_Exercise details_:
Copy out the lines of the records below, and only those lines, from the one with "p' \<and> p'" through the one with "basis \<open>es\<close> is", exactly as they appear.

= = =

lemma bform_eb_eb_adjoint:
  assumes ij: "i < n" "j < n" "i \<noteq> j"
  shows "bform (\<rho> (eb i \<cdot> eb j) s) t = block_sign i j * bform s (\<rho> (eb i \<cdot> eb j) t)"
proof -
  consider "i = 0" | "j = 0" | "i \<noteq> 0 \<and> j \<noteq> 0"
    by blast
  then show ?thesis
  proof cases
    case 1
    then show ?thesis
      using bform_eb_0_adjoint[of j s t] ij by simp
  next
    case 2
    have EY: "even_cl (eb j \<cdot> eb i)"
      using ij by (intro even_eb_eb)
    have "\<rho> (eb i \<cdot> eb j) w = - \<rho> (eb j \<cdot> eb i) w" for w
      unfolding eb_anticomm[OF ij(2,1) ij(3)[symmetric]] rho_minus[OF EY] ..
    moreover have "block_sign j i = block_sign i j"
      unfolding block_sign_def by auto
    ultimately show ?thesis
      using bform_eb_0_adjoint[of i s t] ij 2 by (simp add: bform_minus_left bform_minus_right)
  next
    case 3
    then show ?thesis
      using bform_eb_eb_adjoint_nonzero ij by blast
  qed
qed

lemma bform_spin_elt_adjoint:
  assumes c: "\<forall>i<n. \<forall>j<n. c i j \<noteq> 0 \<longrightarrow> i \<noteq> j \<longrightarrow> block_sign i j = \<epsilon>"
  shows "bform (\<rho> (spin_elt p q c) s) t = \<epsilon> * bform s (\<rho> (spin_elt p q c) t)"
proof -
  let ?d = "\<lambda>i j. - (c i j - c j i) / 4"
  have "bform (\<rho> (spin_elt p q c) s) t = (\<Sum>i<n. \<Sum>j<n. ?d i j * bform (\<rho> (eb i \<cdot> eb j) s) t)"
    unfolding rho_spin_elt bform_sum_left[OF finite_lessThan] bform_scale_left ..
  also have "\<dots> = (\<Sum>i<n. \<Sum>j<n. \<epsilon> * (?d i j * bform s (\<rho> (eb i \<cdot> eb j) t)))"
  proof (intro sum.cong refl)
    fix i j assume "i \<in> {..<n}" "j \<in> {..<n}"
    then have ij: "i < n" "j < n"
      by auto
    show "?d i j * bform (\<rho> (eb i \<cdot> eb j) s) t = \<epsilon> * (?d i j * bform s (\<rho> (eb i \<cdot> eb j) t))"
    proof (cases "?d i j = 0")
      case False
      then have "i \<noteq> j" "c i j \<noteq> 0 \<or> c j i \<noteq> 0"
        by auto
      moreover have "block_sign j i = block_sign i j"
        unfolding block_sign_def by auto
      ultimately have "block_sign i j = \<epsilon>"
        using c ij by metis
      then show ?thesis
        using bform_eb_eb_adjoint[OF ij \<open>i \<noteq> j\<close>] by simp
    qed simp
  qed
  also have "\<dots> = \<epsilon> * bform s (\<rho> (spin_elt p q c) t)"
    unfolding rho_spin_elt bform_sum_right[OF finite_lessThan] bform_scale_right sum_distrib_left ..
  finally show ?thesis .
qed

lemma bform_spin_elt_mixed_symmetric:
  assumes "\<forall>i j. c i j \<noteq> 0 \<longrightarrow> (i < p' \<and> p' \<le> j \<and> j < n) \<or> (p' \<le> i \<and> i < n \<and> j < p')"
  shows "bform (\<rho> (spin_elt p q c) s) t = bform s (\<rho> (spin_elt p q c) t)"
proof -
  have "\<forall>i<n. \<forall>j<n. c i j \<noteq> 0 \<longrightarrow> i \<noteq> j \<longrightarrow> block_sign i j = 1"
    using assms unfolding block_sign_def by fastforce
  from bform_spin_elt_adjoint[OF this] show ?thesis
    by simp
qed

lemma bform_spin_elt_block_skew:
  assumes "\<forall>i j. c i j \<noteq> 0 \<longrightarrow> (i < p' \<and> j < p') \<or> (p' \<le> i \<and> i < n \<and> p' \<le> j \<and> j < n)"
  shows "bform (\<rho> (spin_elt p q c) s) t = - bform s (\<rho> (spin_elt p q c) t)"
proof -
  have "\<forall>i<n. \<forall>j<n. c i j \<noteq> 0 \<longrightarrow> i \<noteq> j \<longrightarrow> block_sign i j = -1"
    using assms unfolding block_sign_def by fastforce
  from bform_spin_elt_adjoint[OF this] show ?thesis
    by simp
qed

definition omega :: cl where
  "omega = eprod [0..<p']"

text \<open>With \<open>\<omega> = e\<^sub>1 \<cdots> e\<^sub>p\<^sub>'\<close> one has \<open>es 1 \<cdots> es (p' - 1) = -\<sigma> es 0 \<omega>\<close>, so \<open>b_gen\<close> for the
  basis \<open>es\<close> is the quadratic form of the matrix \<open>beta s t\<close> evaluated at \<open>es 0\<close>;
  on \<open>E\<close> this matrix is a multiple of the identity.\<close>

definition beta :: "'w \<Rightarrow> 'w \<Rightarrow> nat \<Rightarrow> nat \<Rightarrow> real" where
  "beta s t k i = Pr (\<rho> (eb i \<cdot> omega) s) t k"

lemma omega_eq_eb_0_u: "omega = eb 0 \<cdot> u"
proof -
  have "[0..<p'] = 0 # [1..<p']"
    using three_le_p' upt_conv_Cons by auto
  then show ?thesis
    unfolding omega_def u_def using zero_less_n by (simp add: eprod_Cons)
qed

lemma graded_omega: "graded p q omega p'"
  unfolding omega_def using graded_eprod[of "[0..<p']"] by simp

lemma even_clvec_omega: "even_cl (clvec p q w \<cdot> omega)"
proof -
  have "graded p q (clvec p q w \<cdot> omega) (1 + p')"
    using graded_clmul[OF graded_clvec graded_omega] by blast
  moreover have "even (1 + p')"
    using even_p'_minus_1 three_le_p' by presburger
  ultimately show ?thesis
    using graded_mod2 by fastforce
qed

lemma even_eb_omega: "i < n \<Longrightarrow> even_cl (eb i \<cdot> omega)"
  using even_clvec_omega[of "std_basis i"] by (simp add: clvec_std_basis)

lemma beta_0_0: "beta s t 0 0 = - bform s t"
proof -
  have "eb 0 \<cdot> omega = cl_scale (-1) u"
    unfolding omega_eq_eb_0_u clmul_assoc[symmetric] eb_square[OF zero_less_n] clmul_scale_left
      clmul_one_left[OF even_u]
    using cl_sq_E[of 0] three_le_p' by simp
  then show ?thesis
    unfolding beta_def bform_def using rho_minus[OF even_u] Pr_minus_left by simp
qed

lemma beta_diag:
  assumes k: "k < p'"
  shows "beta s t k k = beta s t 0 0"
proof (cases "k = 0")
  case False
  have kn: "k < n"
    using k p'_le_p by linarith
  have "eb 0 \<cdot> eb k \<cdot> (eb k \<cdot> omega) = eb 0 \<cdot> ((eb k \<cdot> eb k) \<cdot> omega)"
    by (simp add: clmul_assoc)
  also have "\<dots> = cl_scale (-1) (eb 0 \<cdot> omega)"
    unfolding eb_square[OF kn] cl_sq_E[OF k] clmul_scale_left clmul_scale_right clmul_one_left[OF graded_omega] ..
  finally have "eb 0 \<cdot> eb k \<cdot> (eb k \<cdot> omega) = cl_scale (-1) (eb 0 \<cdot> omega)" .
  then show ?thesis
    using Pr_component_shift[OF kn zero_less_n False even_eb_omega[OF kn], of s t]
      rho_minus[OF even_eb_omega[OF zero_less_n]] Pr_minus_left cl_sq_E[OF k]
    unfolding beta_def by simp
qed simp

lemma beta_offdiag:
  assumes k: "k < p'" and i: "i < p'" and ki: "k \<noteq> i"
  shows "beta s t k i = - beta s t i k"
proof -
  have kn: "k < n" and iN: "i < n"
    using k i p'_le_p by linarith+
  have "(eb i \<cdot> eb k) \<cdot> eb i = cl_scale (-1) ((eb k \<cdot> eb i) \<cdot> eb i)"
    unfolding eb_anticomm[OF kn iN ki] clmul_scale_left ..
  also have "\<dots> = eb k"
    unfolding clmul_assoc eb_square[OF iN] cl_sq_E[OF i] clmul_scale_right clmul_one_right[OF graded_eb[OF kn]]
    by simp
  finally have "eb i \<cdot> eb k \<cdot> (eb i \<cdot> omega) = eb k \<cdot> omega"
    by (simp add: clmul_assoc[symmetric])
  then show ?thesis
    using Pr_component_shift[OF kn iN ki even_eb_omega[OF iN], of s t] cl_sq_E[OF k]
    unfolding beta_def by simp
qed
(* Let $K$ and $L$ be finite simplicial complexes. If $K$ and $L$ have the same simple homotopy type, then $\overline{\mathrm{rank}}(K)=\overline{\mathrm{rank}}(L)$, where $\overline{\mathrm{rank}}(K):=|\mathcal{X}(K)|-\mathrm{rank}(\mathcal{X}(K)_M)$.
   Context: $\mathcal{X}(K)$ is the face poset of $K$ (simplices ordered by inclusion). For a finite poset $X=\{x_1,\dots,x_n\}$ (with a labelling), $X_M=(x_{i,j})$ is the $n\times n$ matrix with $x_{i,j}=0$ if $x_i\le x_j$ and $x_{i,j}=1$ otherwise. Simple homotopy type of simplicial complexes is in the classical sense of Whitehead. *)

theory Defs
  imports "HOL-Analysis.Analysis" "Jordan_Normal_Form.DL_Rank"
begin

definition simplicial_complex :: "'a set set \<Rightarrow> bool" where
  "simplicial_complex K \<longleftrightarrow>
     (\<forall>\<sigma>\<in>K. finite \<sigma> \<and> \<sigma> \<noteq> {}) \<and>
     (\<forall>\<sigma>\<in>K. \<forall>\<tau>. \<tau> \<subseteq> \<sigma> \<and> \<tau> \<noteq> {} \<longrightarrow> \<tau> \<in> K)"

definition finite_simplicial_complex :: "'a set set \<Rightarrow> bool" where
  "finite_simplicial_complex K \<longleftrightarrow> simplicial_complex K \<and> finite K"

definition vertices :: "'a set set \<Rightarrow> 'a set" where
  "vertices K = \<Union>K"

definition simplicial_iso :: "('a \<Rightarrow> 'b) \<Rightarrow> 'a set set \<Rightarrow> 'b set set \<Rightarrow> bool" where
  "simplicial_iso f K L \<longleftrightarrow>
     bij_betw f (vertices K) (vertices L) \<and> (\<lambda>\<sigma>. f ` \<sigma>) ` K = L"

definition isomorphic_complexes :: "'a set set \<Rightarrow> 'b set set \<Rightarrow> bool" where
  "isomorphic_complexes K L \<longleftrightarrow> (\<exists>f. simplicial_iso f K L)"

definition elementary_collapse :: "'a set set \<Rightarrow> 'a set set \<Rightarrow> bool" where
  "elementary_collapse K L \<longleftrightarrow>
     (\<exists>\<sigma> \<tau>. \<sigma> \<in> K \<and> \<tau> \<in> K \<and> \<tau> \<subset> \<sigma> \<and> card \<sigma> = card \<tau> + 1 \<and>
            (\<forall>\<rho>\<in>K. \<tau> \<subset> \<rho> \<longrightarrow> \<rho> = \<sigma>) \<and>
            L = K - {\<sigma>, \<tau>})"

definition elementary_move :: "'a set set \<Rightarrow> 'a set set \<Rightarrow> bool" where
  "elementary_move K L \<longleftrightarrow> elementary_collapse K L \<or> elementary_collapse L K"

= = =

_Output_:
  assumes "\<forall>i j. c i j \<noteq> 0 \<longrightarrow> (i < p' \<and> p' \<le> j \<and> j < n) \<or> (p' \<le> i \<and> i < n \<and> j < p')"
  shows "bform (\<rho> (spin_elt p q c) s) t = bform s (\<rho> (spin_elt p q c) t)"
proof -
  have "\<forall>i<n. \<forall>j<n. c i j \<noteq> 0 \<longrightarrow> i \<noteq> j \<longrightarrow> block_sign i j = 1"
    using assms unfolding block_sign_def by fastforce
  from bform_spin_elt_adjoint[OF this] show ?thesis
    by simp
qed

lemma bform_spin_elt_block_skew:
  assumes "\<forall>i j. c i j \<noteq> 0 \<longrightarrow> (i < p' \<and> j < p') \<or> (p' \<le> i \<and> i < n \<and> p' \<le> j \<and> j < n)"
  shows "bform (\<rho> (spin_elt p q c) s) t = - bform s (\<rho> (spin_elt p q c) t)"
proof -
  have "\<forall>i<n. \<forall>j<n. c i j \<noteq> 0 \<longrightarrow> i \<noteq> j \<longrightarrow> block_sign i j = -1"
    using assms unfolding block_sign_def by fastforce
  from bform_spin_elt_adjoint[OF this] show ?thesis
    by simp
qed

definition omega :: cl where
  "omega = eprod [0..<p']"

text \<open>With \<open>\<omega> = e\<^sub>1 \<cdots> e\<^sub>p\<^sub>'\<close> one has \<open>es 1 \<cdots> es (p' - 1) = -\<sigma> es 0 \<omega>\<close>, so \<open>b_gen\<close> for the
  basis \<open>es\<close> is the quadratic form of the matrix \<open>beta s t\<close> evaluated at \<open>es 0\<close>;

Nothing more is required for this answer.